I have 1 or 2 more questions, but if anybody in the audience has anything they'd like to ask, happy to open it up. If not, I can acquire one more at you.

Martin Kelly

executive
#40

Fire away.

Benjamin Budish

analyst
#41

All right. Maybe just one more kind of wrapping it up in terms of like your longer-term targets. I mean it sounds like a lot of confidence in the pipeline and the sort of resumption of kind of normalized credit spreads. But maybe just talk a little bit about your scenario planning in your longer-term targets. How does a more potentially challenging macro backdrop like the one we may be entering impact sort of like the range of outcomes?

Martin Kelly

executive
#42

Yes. So the guidance hasn't changed. We were very clear about 20% FRE growth and 10% SRE growth over time. And so that's -- and that was only 6 months ago.
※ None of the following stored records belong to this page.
(* Let $\mathcal{M}\subseteq\mathbb{S}^n$ be any set. The following are equivalent: (1) $\mathcal{S}(\mathcal{M})$ is rank-one generated; (2) every face of $\mathcal{S}(\mathcal{M})$ is rank-one generated; (3) $\mathcal{S}(\mathcal{M})\cap\mathcal{T}(\mathcal{M}')$ is rank-one generated for every $\mathcal{M}'\subseteq\mathcal{M}$.
   Context: $\mathbb{S}^n$ denotes real symmetric $n\times n$ matrices with $\langle A,B\rangle=\mathrm{tr}(AB)$, $\mathbb{S}^n_+$ the PSD cone. For $\mathcal{M}\subseteq\mathbb{S}^n$, $\mathcal{S}(\mathcal{M})=\{X\in\mathbb{S}^n_+:\langle M,X\rangle\ge0\ \forall M\in\mathcal{M}\}$ and $\mathcal{T}(\mathcal{M})=\{X\in\mathbb{S}^n_+:\langle M,X\rangle=0\ \forall M\in\mathcal{M}\}$ (so $\mathcal{T}(\emptyset)=\mathbb{S}^n_+$). A closed convex cone $\mathcal{S}\subseteq\mathbb{S}^n_+$ is rank-one generated (ROG) if $\mathcal{S}=\mathrm{conv}(\mathcal{S}\cap\{xx^\top:x\in\mathbb{R}^n\})$. *)

theory Defs
  imports "HOL-Analysis.Analysis"
begin

definition sym_mat :: "real^'n^'n \<Rightarrow> bool" where
  "sym_mat A \<longleftrightarrow> transpose A = A"

definition frob :: "real^'n^'n \<Rightarrow> real^'n^'n \<Rightarrow> real" where
  "frob A B = trace (A ** B)"

definition psd_cone :: "(real^'n^'n) set" where
  "psd_cone = {X. sym_mat X \<and> (\<forall>x. x \<bullet> (X *v x) \<ge> 0)}"

definition outer :: "real^'n \<Rightarrow> real^'n^'n" where
  "outer x = (\<chi> i j. x $ i * x $ j)"

definition S_cone :: "(real^'n^'n) set \<Rightarrow> (real^'n^'n) set" where
  "S_cone \<M> = {X \<in> psd_cone. \<forall>M\<in>\<M>. frob M X \<ge> 0}"

definition T_cone :: "(real^'n^'n) set \<Rightarrow> (real^'n^'n) set" where
  "T_cone \<M> = {X \<in> psd_cone. \<forall>M\<in>\<M>. frob M X = 0}"

definition ROG :: "(real^'n^'n) set \<Rightarrow> bool" where
  "ROG K \<longleftrightarrow> closed K \<and> convex K \<and> cone K \<and> K \<subseteq> psd_cone \<and>
     K = convex hull (K \<inter> range outer)"

end

(* Faces of a convex hull conv C are again convex hulls of points of C (Caratheodory reduces this
   to polytopes), so every face of a rank-one generated cone is rank-one generated. Conversely
   S(M) is a face of itself, and S(M) \<inter> T(M') is a face of S(M) because each M \<in> M' is
   nonnegative on S(M), so {X. <M, X> = 0} is a supporting hyperplane; taking M' = {} gives S(M). *)

theory Submission
  imports Defs
begin

lemma frob_eq_inner: "frob A B = transpose A \<bullet> B"
  unfolding frob_def trace_def matrix_matrix_mult_def transpose_def inner_vec_def
  by simp (rule sum.swap)

lemma inner_mult_vec_eq_inner_outer: "x \<bullet> (X *v x) = outer x \<bullet> X"
  unfolding outer_def matrix_vector_mult_def inner_vec_def
  by (simp add: sum_distrib_left algebra_simps)

lemma convex_sym_mat: "convex {X :: real^'n^'n. sym_mat X}"
  unfolding convex_def sym_mat_def transpose_def
  by (simp add: vec_eq_iff)

lemma psd_cone_eq_Int_halfspaces:
  "psd_cone = {X. sym_mat X} \<inter> (\<Inter>x. {X. outer x \<bullet> X \<ge> 0})"
  unfolding psd_cone_def by (auto simp: inner_mult_vec_eq_inner_outer)

lemma convex_psd_cone: "convex psd_cone"
  unfolding psd_cone_eq_Int_halfspaces
  by (intro convex_Int convex_sym_mat convex_INT convex_halfspace_ge)

lemma convex_S_cone: "convex (S_cone \<M>)"
proof -
  have "S_cone \<M> = psd_cone \<inter> (\<Inter>M\<in>\<M>. {X. transpose M \<bullet> X \<ge> 0})"
    unfolding S_cone_def by (auto simp: frob_eq_inner)
  then show ?thesis
    by (simp add: convex_Int convex_psd_cone convex_INT convex_halfspace_ge)
qed

lemma S_cone_Int_T_cone_face_of:
  assumes "\<M>' \<subseteq> \<M>"
  shows "S_cone \<M> \<inter> T_cone \<M>' face_of S_cone \<M>"
proof -
  define H where "H M = S_cone \<M> \<inter> {X. transpose M \<bullet> X = 0}" for M
  have "H M face_of S_cone \<M>" if "M \<in> \<M>'" for M
    unfolding H_def using that assms
    by (intro face_of_Int_supporting_hyperplane_ge convex_S_cone)
      (auto simp: S_cone_def frob_eq_inner)
  \<comment> \<open>\<open>S_cone \<M>\<close> is included so that the family stays nonempty when \<open>\<M>' = {}\<close>\<close>
  then have "\<Inter>(insert (S_cone \<M>) (H ` \<M>')) face_of S_cone \<M>"
    by (intro face_of_Inter) (auto intro: face_of_refl convex_S_cone)
  moreover have "\<Inter>(insert (S_cone \<M>) (H ` \<M>')) = S_cone \<M> \<inter> T_cone \<M>'"
    unfolding H_def S_cone_def T_cone_def by (auto simp: frob_eq_inner)
  ultimately show ?thesis by simp
qed

lemma face_of_convex_hull_eq_convex_hull_Int:
  fixes C :: "'a::euclidean_space set"
  assumes F: "F face_of convex hull C"
  shows "F = convex hull (F \<inter> C)"
proof
  show "F \<subseteq> convex hull (F \<inter> C)"
  proof
    fix x assume "x \<in> F"
    then have "x \<in> convex hull C" using F face_of_imp_subset by blast
    then obtain T where T: "finite T" "T \<subseteq> C" "x \<in> convex hull T"
      unfolding caratheodory[of C] by blast
    have "convex hull T \<subseteq> convex hull C" using T(2) by (rule hull_mono)
    then have "F \<inter> convex hull T face_of convex hull T"
      using face_of_slice[OF F convex_convex_hull, of T] by (simp add: Int_absorb1)
    then obtain T' where T': "T' \<subseteq> T" "F \<inter> convex hull T = convex hull T'"
      using face_of_convex_hull_subset finite_imp_compact[OF T(1)] by metis
    have "T' \<subseteq> F \<inter> C"
      using T' T(2) hull_subset[of T'] by blast
    then show "x \<in> convex hull (F \<inter> C)"
      using T' \<open>x \<in> F\<close> T(3) hull_mono by blast
  qed
  show "convex hull (F \<inter> C) \<subseteq> F"
    by (intro hull_minimal) (auto intro: face_of_imp_convex[OF F])
qed

lemma ROG_face_of:
  assumes "ROG K" and F: "F face_of K"
  shows "ROG F"
proof -
  have K: "closed K" "convex K" "cone K" "K \<subseteq> psd_cone" "K = convex hull (K \<inter> range outer)"
    using \<open>ROG K\<close> unfolding ROG_def by blast+
  have "F face_of convex hull (K \<inter> range outer)"
    using F by (simp only: K(5)[symmetric])
  then have "F = convex hull (F \<inter> (K \<inter> range outer))"
    by (rule face_of_convex_hull_eq_convex_hull_Int)
  also have "F \<inter> (K \<inter> range outer) = F \<inter> range outer"
    using F face_of_imp_subset by blast
  finally have "F = convex hull (F \<inter> range outer)" .
  moreover have "cone F"
    using face_of_conic[OF _ F] K(3) by (simp add: cone_def conic_def)
  moreover have "closed F" "convex F" "F \<subseteq> psd_cone"
    using face_of_imp_closed[OF K(2,1) F] face_of_imp_convex[OF F]
      face_of_imp_subset[OF F] K(4) by auto
  ultimately show ?thesis
    unfolding ROG_def by (intro conjI) assumption+
qed

theorem lemma2p10:
  fixes \<M> :: "(real^'n^'n) set"
  assumes "\<forall>M\<in>\<M>. sym_mat M"
  shows "(ROG (S_cone \<M>) \<longleftrightarrow> (\<forall>F. F face_of S_cone \<M> \<longrightarrow> ROG F))
       \<and> (ROG (S_cone \<M>) \<longleftrightarrow> (\<forall>\<M>'. \<M>' \<subseteq> \<M> \<longrightarrow> ROG (S_cone \<M> \<inter> T_cone \<M>')))"
proof -
  have S_face: "S_cone \<M> face_of S_cone \<M>"
    by (rule face_of_refl[OF convex_S_cone])
  have T_empty: "S_cone \<M> \<inter> T_cone {} = S_cone \<M>"
    unfolding S_cone_def T_cone_def by auto
  show ?thesis
  proof (intro conjI iffI allI impI)
    fix F assume "ROG (S_cone \<M>)" "F face_of S_cone \<M>"
    then show "ROG F" by (rule ROG_face_of)
  next
    assume "\<forall>F. F face_of S_cone \<M> \<longrightarrow> ROG F"
    then show "ROG (S_cone \<M>)" using S_face by blast
  next
    fix \<M>' assume "ROG (S_cone \<M>)" "\<M>' \<subseteq> \<M>"
    then show "ROG (S_cone \<M> \<inter> T_cone \<M>')"
      using ROG_face_of S_cone_Int_T_cone_face_of by blast
  next
    assume "\<forall>\<M>'. \<M>' \<subseteq> \<M> \<longrightarrow> ROG (S_cone \<M> \<inter> T_cone \<M>')"
    then show "ROG (S_cone \<M>)" using T_empty by (metis empty_subsetI)
  qed
qed

end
And so then you look at that and say, "Okay, the world is the world different enough that it's changed that trajectory." And I come back to what are the 4 primary objectives or sort of tailwinds that we are benefiting from a business. One is -- and none of them are changed by the environment. So one is the industrial renaissance, the need for private capital to finance everything we just spoke about, data, infrastructure, AI, energy, energy transition, defense spending not changed, massive opportunity. So that's one. Two is public-private convergence and the marrying of yieldier, but equivalent risk private assets with public assets in a structure. So unchanged. Three is global wealth. And so the need for individual investors to have access to products that institutions and family offices have had access to for many, many years and done well from that hasn't changed. And then fourth, we haven't really spoken about this, but lifetime income planning, which is more an Athene focus. So is the population aging any differently now than it was 6 months ago? No. Is the population any better prepared for retirement today than 6 months ago? No, no. The most sophisticated retirement planning on the globe gets people to retirement and still does a poor job of getting people through retirement. So how do you get stable value income or guaranteed lifetime income through your retirement age so that you can live comfortably and know what you have to live on and plan your annual spending appropriately. So none of the 4 big TAMs that we think about that are relevant to growing the business that grow both FRE and SRE are any different from where they were 6 months ago. And so we're -- that's why we are highly confident. And so we'll take a slightly different path in some cases, yes, sure. But the opportunity is unchanged.

Benjamin Budish

analyst
#43

Great. Well, with that, we're just about out of time. So we'll leave it there. Martin, thank you so much.

Martin Kelly

executive
#44

Thanks, everyone, for your interest.